▶ _ASSIGNED TASK_:
Report each line of the records below that holds the word "finally".

▶ _MATERIALS PROVIDED_:
(* Let $S$ be a monoid and $n\in\mathbb N$. If $A$ is an $n$-absolutely pure $S$-act and $B$ is $n$-built from $A$, then $A$ is a retract of $B$. Likewise, if $A$ is an absolutely pure $S$-act and $B$ is built from $A$, then $A$ is a retract of $B$.
   Context: A (right) $S$-act is a set with an action $(a,s)\mapsto as$ with $a1=a$, $a(st)=(as)t$. Equations over an $S$-act $C$ with variables from $X$ have the forms $xs=yt$, $xs=xt$, $xs=c$; a set of equations is consistent if it has a solution in some $S$-act containing $C$. For a set $\Sigma$ of equations over $C$, let $\kappa_\Sigma$ be the congruence on $C\sqcup F_S(X)$ ($F_S(X)$ the free $S$-act on $X$) generated by the pairs $(xu,yv)$ for $xu=yv\in\Sigma$ and $(xs,c)$ for $xs=c\in\Sigma$, and $C(\Sigma)=(C\sqcup F_S(X))/\kappa_\Sigma$; if $\Sigma$ is consistent, $C$ is identified with its image in $C(\Sigma)$ under $c\mapsto[c]$. $A$ is $n$-absolutely pure if every finite consistent set of equations over $A$ in at most $n$ variables has a solution in $A$, and absolutely pure if this holds for all $n$. $B\supseteq A$ is built (resp. $n$-built) from $A=A_0$ if $B=\bigcup_{0\le i\le\xi}A_i$ for some ordinal $\xi$, where for each $i<\xi$, $A_{i+1}=A_i(\Sigma_i)$ for some finite consistent set $\Sigma_i$ of equations over $A_i$ (resp. in at most $n$ variables), and for limit ordinals $\zeta\le\xi$, $A_\zeta=\bigcup_{i<\zeta}A_i$. $A$ is a retract of $B$ if there is an $S$-morphism $B\to A$ restricting to the identity on $A$. *)

theory Defs
  imports Main
begin

definition is_act :: "'a set \<Rightarrow> ('a \<Rightarrow> 's::monoid_mult \<Rightarrow> 'a) \<Rightarrow> bool" where
  "is_act D act \<longleftrightarrow>
     (\<forall>a\<in>D. \<forall>s. act a s \<in> D) \<and> (\<forall>a\<in>D. act a 1 = a) \<and>
     (\<forall>a\<in>D. \<forall>s t. act a (s * t) = act (act a s) t)"

text \<open>Variables are natural numbers.  Eq_VV x s y t is the equation x s = y t
  (the case x = y gives x s = x t); Eq_VC x s c is the equation x s = c.\<close>
datatype ('s, 'a) eqn = Eq_VV nat 's nat 's | Eq_VC nat 's 'a

fun eqn_vars :: "('s, 'a) eqn \<Rightarrow> nat set" where
  "eqn_vars (Eq_VV x s y t) = {x, y}"
| "eqn_vars (Eq_VC x s c) = {x}"

definition vars :: "('s, 'a) eqn set \<Rightarrow> nat set" where
  "vars Sig = (\<Union>q\<in>Sig. eqn_vars q)"

fun eqn_consts :: "('s, 'a) eqn \<Rightarrow> 'a set" where
  "eqn_consts (Eq_VV x s y t) = {}"
| "eqn_consts (Eq_VC x s c) = {c}"

definition eqns_over :: "'a set \<Rightarrow> ('s, 'a) eqn set \<Rightarrow> bool" where
  "eqns_over C Sig \<longleftrightarrow> (\<forall>q\<in>Sig. eqn_consts q \<subseteq> C)"

fun sat :: "('d \<Rightarrow> 's \<Rightarrow> 'd) \<Rightarrow> (nat \<Rightarrow> 'd) \<Rightarrow> ('a \<Rightarrow> 'd) \<Rightarrow> ('s, 'a) eqn \<Rightarrow> bool" where
  "sat act \<sigma> e (Eq_VV x s y t) = (act (\<sigma> x) s = act (\<sigma> y) t)"
| "sat act \<sigma> e (Eq_VC x s c) = (act (\<sigma> x) s = e c)"

text \<open>The witness act is taken on the type 'a + nat * 's, which is
  big enough: the subact generated by C and a solution is a quotient of
  C + F_S(vars Sig), hence injects into this type.\<close>
definition consistent :: "'a set \<Rightarrow> ('a \<Rightarrow> 's::monoid_mult \<Rightarrow> 'a) \<Rightarrow> ('s, 'a) eqn set \<Rightarrow> bool" where
  "consistent C act Sig \<longleftrightarrow>
     (\<exists>(D :: ('a + nat \<times> 's) set) actD e \<sigma>.
        is_act D actD \<and> e ` C \<subseteq> D \<and> inj_on e C \<and>
        (\<forall>c\<in>C. \<forall>s. e (act c s) = actD (e c) s) \<and>
        (\<forall>x\<in>vars Sig. \<sigma> x \<in> D) \<and> (\<forall>q\<in>Sig. sat actD \<sigma> e q))"

definition has_solution_in :: "'a set \<Rightarrow> ('a \<Rightarrow> 's \<Rightarrow> 'a) \<Rightarrow> ('s, 'a) eqn set \<Rightarrow> bool" where
  "has_solution_in A act Sig \<longleftrightarrow>
     (\<exists>\<sigma>. (\<forall>x\<in>vars Sig. \<sigma> x \<in> A) \<and> (\<forall>q\<in>Sig. sat act \<sigma> id q))"
(* Backwards bounded solution of the evolution process psi_(n,m)(\<omega>p) = psi(n-m, Theta_m \<omega>p). *)
definition backwards_bounded_solution ::
  "(int \<Rightarrow> 'w \<Rightarrow> 'w) \<Rightarrow> (nat \<Rightarrow> int \<times> 'w \<Rightarrow> ('x::real_normed_vector \<Rightarrow>\<^sub>L 'x))
     \<Rightarrow> int \<times> 'w \<Rightarrow> 'x \<Rightarrow> (int \<Rightarrow> 'x) \<Rightarrow> bool" where
  "backwards_bounded_solution \<theta> \<psi> \<omega>p z \<xi> \<longleftrightarrow>
     \<xi> 0 = z \<and>
     (\<forall>m n. m \<le> n \<and> n \<le> 0 \<longrightarrow> \<xi> n = blinfun_apply (\<psi> (nat (n - m)) (Theta \<theta> m \<omega>p)) (\<xi> m)) \<and>
     (\<exists>C. \<forall>n \<le> 0. norm (\<xi> n) \<le> C)"

definition Vplus :: "(nat \<Rightarrow> int \<times> 'w \<Rightarrow> ('x::real_normed_vector \<Rightarrow>\<^sub>L 'x)) \<Rightarrow> int \<times> 'w \<Rightarrow> 'x set" where
  "Vplus \<psi> \<omega>p = {z. \<exists>C. \<forall>n. norm (blinfun_apply (\<psi> n \<omega>p) z) \<le> C}"

definition Vminus :: "(int \<Rightarrow> 'w \<Rightarrow> 'w) \<Rightarrow> (nat \<Rightarrow> int \<times> 'w \<Rightarrow> ('x::real_normed_vector \<Rightarrow>\<^sub>L 'x))
     \<Rightarrow> int \<times> 'w \<Rightarrow> 'x set" where
  "Vminus \<theta> \<psi> \<omega>p = {z. \<exists>\<xi>. backwards_bounded_solution \<theta> \<psi> \<omega>p z \<xi>}"

definition direct_sum :: "'x::real_vector set \<Rightarrow> 'x set \<Rightarrow> bool" where
  "direct_sum U V \<longleftrightarrow> U \<inter> V = {0} \<and> (\<forall>x. \<exists>u\<in>U. \<exists>v\<in>V. x = u + v)"

end

theory Submission
  imports Defs
begin

text \<open>
  Along a fixed orbit the cocycle becomes a sequence of operators \<open>A\<^sub>k\<close> with an exponential
  dichotomy, and its Green operator yields the unique bounded solution of
  \<open>x (n + 1) = A\<^sub>n x n + u n\<close>, of norm at most \<open>c \<parallel>u\<parallel>\<close> with \<open>c = K (1 + e\<^sup>-\<^sup>\<alpha>) / (1 - e\<^sup>-\<^sup>\<alpha>)\<close>.
  For \<open>\<parallel>B\<^sub>k\<parallel> \<le> \<delta> / K\<close> the map \<open>w \<mapsto> green (B w + f)\<close> contracts with constant \<open>\<delta> c / K = 1/2\<close>,
  so the perturbed equation also has a unique bounded solution, depending linearly and
  boundedly on \<open>f\<close>. Let \<open>W z\<close> be the bounded solution forced by \<open>z\<close> at time \<open>-1\<close>: then
  \<open>W z 0 \<in> V\<^sup>+\<close> and \<open>z - W z 0 \<in> V\<^sup>-\<close>, while \<open>V\<^sup>+ \<inter> V\<^sup>- = 0\<close> because a vector in both lies on a
  bounded solution over all of \<open>\<int>\<close>. Hence \<open>z \<mapsto> W z 0\<close> is a bounded projection onto \<open>V\<^sup>+\<close>
  along \<open>V\<^sup>-\<close>, which gives closedness and the splitting. The evolution maps \<open>V\<^sup>-\<close> onto
  \<open>V\<^sup>-\<close> of the shifted orbit, injectively since \<open>V\<^sup>+ \<inter> V\<^sup>- = 0\<close>, and its inverse is read
  off the backward part of \<open>W\<close> for the shifted orbit, hence continuous.
\<close>

section \<open>Geometric estimates and contractions on bounded sequences\<close>

lemma norm_eq_zero_of_geometric_le:
  fixes v :: "'x::real_normed_vector"
  assumes "\<And>t::nat. norm v \<le> C * q ^ t" "0 \<le> q" "q < 1"
  shows "v = 0"
proof -
  have "(\<lambda>t. C * q ^ t) \<longlonglongrightarrow> C * 0"
    by (intro tendsto_mult tendsto_const LIMSEQ_power_zero) (use assms in auto)
  then have "norm v \<le> 0" using assms(1) by (intro LIMSEQ_le_const[of "\<lambda>t. C * q ^ t"]) auto
  then show ?thesis by simp
qed

lemma geometric_dominated_summable:
  fixes f :: "nat \<Rightarrow> 'x::banach"
  assumes q: "0 \<le> q" "q < 1" and f: "\<And>j. norm (f j) \<le> C * q ^ j"
  shows "summable f" and "norm (suminf f) \<le> C / (1 - q)"
proof -
  have nq: "norm q < 1" using q by simp
  have geo: "summable (\<lambda>j. C * q ^ j)" by (rule summable_mult[OF summable_geometric[OF nq]])
  show "summable f"
    by (rule summable_norm_cancel, rule summable_norm_comparison_test[OF _ geo]) (use f in blast)
  have "norm (suminf f) \<le> (\<Sum>j. C * q ^ j)" by (rule norm_suminf_le[OF f geo])
  also have "\<dots> = C / (1 - q)"
    by (simp only: suminf_mult[OF summable_geometric[OF nq]] suminf_geometric[OF nq]) simp
  finally show "norm (suminf f) \<le> C / (1 - q)" .
qed

lemma norm_le_of_contracting_self_bound:
  fixes w :: "'a \<Rightarrow> 'x::real_normed_vector"
  assumes w: "bounded (range w)" and q: "0 \<le> q" "q < 1"
    and self_bound: "\<And>M n. (\<And>k. norm (w k) \<le> M) \<Longrightarrow> norm (w n) \<le> q * M + F"
  shows "norm (w n) \<le> F / (1 - q)"
proof -
  define S where "S = (SUP k. norm (w k))"
  have bdd: "bdd_above (range (\<lambda>k. norm (w k)))"
    using w by (auto simp: bounded_iff bdd_above_def)
  have le_S: "norm (w k) \<le> S" for k unfolding S_def by (rule cSUP_upper[OF UNIV_I bdd])
  have "S \<le> q * S + F"
    using self_bound[OF le_S] unfolding S_def by (intro cSUP_least) auto
  then have "S \<le> F / (1 - q)" using q by (simp add: pos_le_divide_eq algebra_simps)
  then show ?thesis using le_S order_trans by blast
qed
(* Fix $\ell\geq2$, let $A=\ell\times\omega$, and fix a recursive bijection $\psi:(\ell-1)\times\omega\times\omega\to\omega$. For $\alpha\in\{0,1\}^\omega$ define $S_\alpha$ on $A$ by: $S_\alpha(a,b)$ holds iff $a=(i,n)$, $b=(i+1,m)$ for some $i<\ell-1$ with $\alpha_{\psi(i,n,m)}=1$. Let $G$ be the set of $\alpha$ such that $\langle A,S_\alpha,\{0\}\times\omega,\ldots,\{\ell-1\}\times\omega\rangle$ is a model of $T_\ell$. Then $\lambda(G)=1$, i.e. with probability $1$ a sequence $\alpha$ defines a generic $\ell$-diagram.
   Context: $\lambda$ is the uniform (fair-coin product) probability measure on $\{0,1\}^\omega$, under which the bits $\alpha_i$ are independent and each equals $1$ with probability $1/2$. The signature has unary relations $L_0,\ldots,L_{\ell-1}$ and binary $S$. The theory $T_\ell$: (i) every $x$ satisfies some $L_j(x)$; (ii) no $x$ satisfies $L_i(x)\wedge L_j(x)$ for $i<j$; (iii) $S(x,y)$ and $L_i(x)$ with $i\le\ell-2$ imply $L_{i+1}(y)$; (iv) for each $i<\ell$ and all finite $X,Y\subseteq L_{i+1}$ with $X\cap Y=\emptyset$, $Z\subseteq L_i$, $X',Y'\subseteq L_{i-1}$ with $X'\cap Y'=\emptyset$ ($L_{-1},L_\ell$ read as empty), there is $z\in L_i\setminus Z$ with $S(z,x)$ for $x\in X$, $S(x',z)$ for $x'\in X'$, $\neg S(z,y)$ for $y\in Y$, $\neg S(y',z)$ for $y'\in Y'$. Countable models of $T_\ell$ are called generic $\ell$-diagrams. *)

theory Defs
  imports "HOL-Probability.Probability"
begin

text \<open>The fair-coin product measure on infinite binary sequences; bit i of alpha
  is 1 iff alpha i = True.\<close>
definition coin_measure :: "(nat \<Rightarrow> bool) measure" where
  "coin_measure = PiM UNIV (\<lambda>_::nat. measure_pmf (bernoulli_pmf (1/2)))"

text \<open>Interpretation of L_k in a structure with universe M and unary predicates L;
  L_{-1} and L_l (and beyond) are read as empty.\<close>
definition layer :: "nat \<Rightarrow> 'a set \<Rightarrow> (nat \<Rightarrow> 'a set) \<Rightarrow> int \<Rightarrow> 'a set" where
  "layer l M L k = (if 0 \<le> k \<and> k < int l then M \<inter> L (nat k) else {})"

definition model_T :: "nat \<Rightarrow> 'a set \<Rightarrow> (nat \<Rightarrow> 'a set) \<Rightarrow> ('a \<Rightarrow> 'a \<Rightarrow> bool) \<Rightarrow> bool" where
  "model_T l M L S \<longleftrightarrow>
     (\<forall>x\<in>M. \<exists>j<l. x \<in> L j) \<and>
     (\<forall>x\<in>M. \<forall>i j. i < j \<and> j < l \<longrightarrow> \<not> (x \<in> L i \<and> x \<in> L j)) \<and>
     (\<forall>x\<in>M. \<forall>y\<in>M. \<forall>i. i + 2 \<le> l \<and> S x y \<and> x \<in> L i \<longrightarrow> y \<in> L (i + 1)) \<and>
     (\<forall>i<l. \<forall>X Y Z X' Y'.
        finite X \<and> finite Y \<and> finite Z \<and> finite X' \<and> finite Y' \<and>
        X \<subseteq> layer l M L (int i + 1) \<and> Y \<subseteq> layer l M L (int i + 1) \<and> X \<inter> Y = {} \<and>
        Z \<subseteq> layer l M L (int i) \<and>
        X' \<subseteq> layer l M L (int i - 1) \<and> Y' \<subseteq> layer l M L (int i - 1) \<and> X' \<inter> Y' = {}
        \<longrightarrow> (\<exists>z \<in> layer l M L (int i) - Z.
               (\<forall>x\<in>X. S z x) \<and> (\<forall>x'\<in>X'. S x' z) \<and>
               (\<forall>y\<in>Y. \<not> S z y) \<and> (\<forall>y'\<in>Y'. \<not> S y' z)))"

definition S_alpha :: "nat \<Rightarrow> (nat \<times> nat \<times> nat \<Rightarrow> nat) \<Rightarrow> (nat \<Rightarrow> bool)
     \<Rightarrow> nat \<times> nat \<Rightarrow> nat \<times> nat \<Rightarrow> bool" where
  "S_alpha l \<psi> \<alpha> a b \<longleftrightarrow>
     (\<exists>i n m. i + 1 < l \<and> a = (i, n) \<and> b = (i + 1, m) \<and> \<alpha> (\<psi> (i, n, m)))"

definition A_univ :: "nat \<Rightarrow> (nat \<times> nat) set" where
  "A_univ l = {..<l} \<times> UNIV"

definition A_pred :: "nat \<Rightarrow> (nat \<times> nat) set" where
  "A_pred j = {j} \<times> UNIV"

end

theory Submission
  imports Defs
begin

(* Fix an instance of the extension axiom (iv) at layer i. The candidates z = (i, n), with n
   beyond the finite set Z, each work exactly when finitely many prescribed bits of alpha
   (those coding the edges from z to X, Y, X', Y') take prescribed values. As psi is injective,
   distinct candidates involve disjoint sets of bits, so these events are independent, each of
   probability at least 2^-c for c = |X u Y| + |X' u Y'|; hence almost surely some candidate
   works. There are only countably many instances, and axioms (i)-(iii) hold for every alpha. *)

lemma (in prob_space) AE_ex_not_in_indep_events:
  fixes E :: "nat \<Rightarrow> 'a set"
  assumes indep: "indep_events E UNIV" and le_q: "\<And>n. prob (E n) \<le> q" and "q < 1"
  shows "AE x in M. \<exists>n. x \<notin> E n"
proof -
  have E_sets: "E n \<in> events" for n
    using indep by (auto simp: indep_events_def)
  have "0 \<le> q"
    using le_q[of 0] measure_nonneg order.trans by blast
  have bound: "prob (\<Inter>n. E n) \<le> q ^ Suc m" for m
  proof -
    have "prob (\<Inter>n. E n) \<le> prob (\<Inter>n\<in>{..m}. E n)"
      by (rule finite_measure_mono) (use E_sets in auto)
    also have "\<dots> = (\<Prod>n\<in>{..m}. prob (E n))"
      using indep by (auto simp: indep_events_def)
    also have "\<dots> \<le> (\<Prod>n\<in>{..m}. q)"
      by (intro prod_mono) (auto simp: le_q)
    finally show ?thesis by simp
  qed
  have "(\<lambda>m. q ^ Suc m) \<longlonglongrightarrow> 0"
    using LIMSEQ_realpow_zero[OF \<open>0 \<le> q\<close> \<open>q < 1\<close>] by (rule LIMSEQ_Suc)
  then have "prob (\<Inter>n. E n) \<le> 0"
    by (rule tendsto_lowerbound) (use bound in \<open>simp_all del: power_Suc\<close>)
  then have "(\<Inter>n. E n) \<in> null_sets M"
    using E_sets by (auto simp: measure_le_0_iff emeasure_eq_measure)
  then show ?thesis
    by (rule AE_I') auto
qed

abbreviation fair_coin :: "bool measure" where
  "fair_coin \<equiv> measure_pmf (bernoulli_pmf (1/2))"

interpretation coin_bits: product_prob_space "\<lambda>_::nat. fair_coin" UNIV
  by unfold_locales

interpretation coin_measure: prob_space coin_measure
  unfolding coin_measure_def by unfold_locales

lemma space_coin_measure [simp]: "space coin_measure = UNIV"
  by (simp add: coin_measure_def space_PiM)

lemma measurable_coin_measure_bit: "(\<lambda>\<alpha>. \<alpha> k) \<in> coin_measure \<rightarrow>\<^sub>M fair_coin"
  unfolding coin_measure_def by (rule measurable_component_singleton) simp

lemma pred_coin_measure_bit [measurable]: "Measurable.pred coin_measure (\<lambda>\<alpha>. \<alpha> k)"
  using measurable_coin_measure_bit by (simp add: measurable_def)

lemma indep_vars_coin_measure_bits:
  "coin_measure.indep_vars (\<lambda>_. fair_coin) (\<lambda>k \<alpha>. \<alpha> k) UNIV"
  by (subst coin_measure.indep_vars_iff_distr_eq_PiM)
    (simp_all add: measurable_coin_measure_bit,
     simp add: coin_measure_def coin_bits.PiM_component restrict_UNIV)

definition bit_pattern :: "nat set \<Rightarrow> nat set \<Rightarrow> (nat \<Rightarrow> bool) \<Rightarrow> bool" where
  "bit_pattern T F \<alpha> \<longleftrightarrow> (\<forall>k\<in>T. \<alpha> k) \<and> (\<forall>k\<in>F. \<not> \<alpha> k)"

lemma pred_bit_pattern [measurable]:
  assumes "finite T" "finite F"
  shows "Measurable.pred coin_measure (bit_pattern T F)"
  unfolding bit_pattern_def using assms by measurable

lemma prob_coin_measure_bit_pattern:
  assumes "finite T" "finite F" "T \<inter> F = {}"
  shows "coin_measure.prob {\<alpha>. bit_pattern T F \<alpha>} = (1/2) ^ card (T \<union> F)"
proof -
  have "{\<alpha>. bit_pattern T F \<alpha>} =
      {\<alpha> \<in> space coin_measure. \<forall>k\<in>T \<union> F. \<alpha> k \<in> (if k \<in> T then {True} else {False})}"
    using assms(3) by (auto simp: bit_pattern_def)
  then have "emeasure coin_measure {\<alpha>. bit_pattern T F \<alpha>} =
      (\<Prod>k\<in>T \<union> F. emeasure fair_coin (if k \<in> T then {True} else {False}))"
    using assms(1,2) unfolding coin_measure_def
    by (simp add: coin_bits.emeasure_PiM_Collect del: space_coin_measure)
  also have "\<dots> = (\<Prod>k\<in>T \<union> F. ennreal (1/2))"
    by (intro prod.cong) (simp_all add: emeasure_pmf_single)
  also have "\<dots> = ennreal ((1/2) ^ card (T \<union> F))"
    by (simp only: prod_constant) (rule ennreal_power, simp)
  finally show ?thesis
    by (simp add: coin_measure.emeasure_eq_measure)
qed

lemma indep_events_coin_measure_not_bit_pattern:
  fixes T F :: "'i \<Rightarrow> nat set"
  assumes "\<And>n. finite (T n)" "\<And>n. finite (F n)" "disjoint_family (\<lambda>n. T n \<union> F n)"
  shows "coin_measure.indep_events (\<lambda>n. {\<alpha>. \<not> bit_pattern (T n) (F n) \<alpha>}) UNIV"
proof -
  define K where "K = (\<lambda>n. T n \<union> F n)"
  have "coin_measure.indep_vars (\<lambda>n. PiM (K n) (\<lambda>_. fair_coin)) (\<lambda>n \<alpha>. restrict \<alpha> (K n)) UNIV"
    using coin_measure.indep_vars_restrict[OF indep_vars_coin_measure_bits, of UNIV K] assms(3)
    by (simp add: K_def)
  moreover have "{y \<in> space (PiM (K n) (\<lambda>_. fair_coin)). \<not> bit_pattern (T n) (F n) y}
      \<in> sets (PiM (K n) (\<lambda>_. fair_coin))" for n
  proof -
    have "Measurable.pred (PiM (K n) (\<lambda>_. fair_coin)) (\<lambda>y. y k)" if "k \<in> K n" for k
      using measurable_component_singleton[OF that, of "\<lambda>_. fair_coin"] by (simp add: measurable_def)
    then show ?thesis
      using assms(1,2)[of n] unfolding bit_pattern_def pred_def[symmetric]
      by (intro pred_intros_logic pred_intros_finite) (auto simp: K_def)
  qed
  ultimately have "coin_measure.indep_events
      (\<lambda>n. {\<alpha> \<in> space coin_measure. \<not> bit_pattern (T n) (F n) (restrict \<alpha> (K n))}) UNIV"
    by (rule coin_measure.indep_eventsI_indep_vars)
  moreover have "bit_pattern (T n) (F n) (restrict \<alpha> (K n)) \<longleftrightarrow> bit_pattern (T n) (F n) \<alpha>" for n \<alpha>
    by (simp add: bit_pattern_def K_def)
  ultimately show ?thesis
    by simp
qed

lemma AE_coin_measure_ex_bit_pattern:
  fixes T F :: "nat \<Rightarrow> nat set"
  assumes "\<And>n. finite (T n)" "\<And>n. finite (F n)" "\<And>n. T n \<inter> F n = {}"
    and "disjoint_family (\<lambda>n. T n \<union> F n)" and "\<And>n. card (T n \<union> F n) \<le> c"
  shows "AE \<alpha> in coin_measure. \<exists>n. bit_pattern (T n) (F n) \<alpha>"
proof -
  have "coin_measure.prob {\<alpha>. \<not> bit_pattern (T n) (F n) \<alpha>} \<le> 1 - (1/2) ^ c" for n
  proof -
    have "{\<alpha>. bit_pattern (T n) (F n) \<alpha>} \<in> coin_measure.events"
      using pred_bit_pattern[OF assms(1,2)] by (simp add: pred_def)
    then have "coin_measure.prob {\<alpha>. \<not> bit_pattern (T n) (F n) \<alpha>} = 1 - (1/2) ^ card (T n \<union> F n)"
      using coin_measure.prob_compl[of "{\<alpha>. bit_pattern (T n) (F n) \<alpha>}"] assms(1-3)
      by (simp add: prob_coin_measure_bit_pattern Compl_eq_Diff_UNIV[symmetric] Collect_neg_eq)
    moreover have "((1::real)/2) ^ c \<le> (1/2) ^ card (T n \<union> F n)"
      using assms(5) by (intro power_decreasing) auto
    ultimately show ?thesis
      by simp
  qed
  then show ?thesis
    using coin_measure.AE_ex_not_in_indep_events[OF
        indep_events_coin_measure_not_bit_pattern[OF assms(1,2,4)], of "1 - (1/2) ^ c"]
    by simp
qed

lemma AE_coin_measure_ex_bit_pattern_image:
  fixes P N :: "nat \<Rightarrow> 'e set"
  assumes inj: "inj_on f D" and "\<And>n. P n \<union> N n \<subseteq> D"
    and "\<And>n. finite (P n)" "\<And>n. finite (N n)" "\<And>n. P n \<inter> N n = {}"
    and "disjoint_family (\<lambda>n. P n \<union> N n)" and "\<And>n. card (P n \<union> N n) \<le> c"
  shows "AE \<alpha> in coin_measure. \<exists>n. bit_pattern (f ` P n) (f ` N n) \<alpha>"
proof (rule AE_coin_measure_ex_bit_pattern)
  have image_Int: "f ` A \<inter> f ` B = f ` (A \<inter> B)" if "A \<subseteq> D" "B \<subseteq> D" for A B
    using inj_on_image_Int[OF inj that] by simp
  show "f ` P n \<inter> f ` N n = {}" for n
    using image_Int[of "P n" "N n"] assms(2,5) by auto
  show "disjoint_family (\<lambda>n. f ` P n \<union> f ` N n)"
    using image_Int assms(2,6) by (auto simp: disjoint_family_on_def simp flip: image_Un)
  show "card (f ` P n \<union> f ` N n) \<le> c" for n
    using card_image_le[of "P n \<union> N n" f] assms(3,4,7)[of n] by (simp add: image_Un)
qed (use assms in simp_all)

definition edges :: "nat \<Rightarrow> ((nat \<times> nat) \<times> (nat \<times> nat)) set" where
  "edges l = {(u, v). fst u + 1 < l \<and> fst v = fst u + 1}"

definition edge_index :: "(nat \<times> nat \<times> nat \<Rightarrow> nat) \<Rightarrow> (nat \<times> nat) \<times> (nat \<times> nat) \<Rightarrow> nat" where
  "edge_index \<psi> e = \<psi> (fst (fst e), snd (fst e), snd (snd e))"

lemma S_alpha_Pair:
  "S_alpha l \<psi> \<alpha> (a, b) (c, d) \<longleftrightarrow> a + 1 < l \<and> c = a + 1 \<and> \<alpha> (\<psi> (a, b, d))"
  by (auto simp: S_alpha_def)

lemma S_alpha_iff_edge: "S_alpha l \<psi> \<alpha> u v \<longleftrightarrow> (u, v) \<in> edges l \<and> \<alpha> (edge_index \<psi> (u, v))"
  by (cases u, cases v) (simp add: S_alpha_Pair edges_def edge_index_def)

lemma pred_S_alpha [measurable]: "Measurable.pred coin_measure (\<lambda>\<alpha>. S_alpha l \<psi> \<alpha> u v)"
  unfolding S_alpha_iff_edge by measurable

▶ _RESULT OF THE EXERCISE_:
  finally show "norm (suminf f) \<le> C / (1 - q)" .
    finally show ?thesis by simp
  finally show ?thesis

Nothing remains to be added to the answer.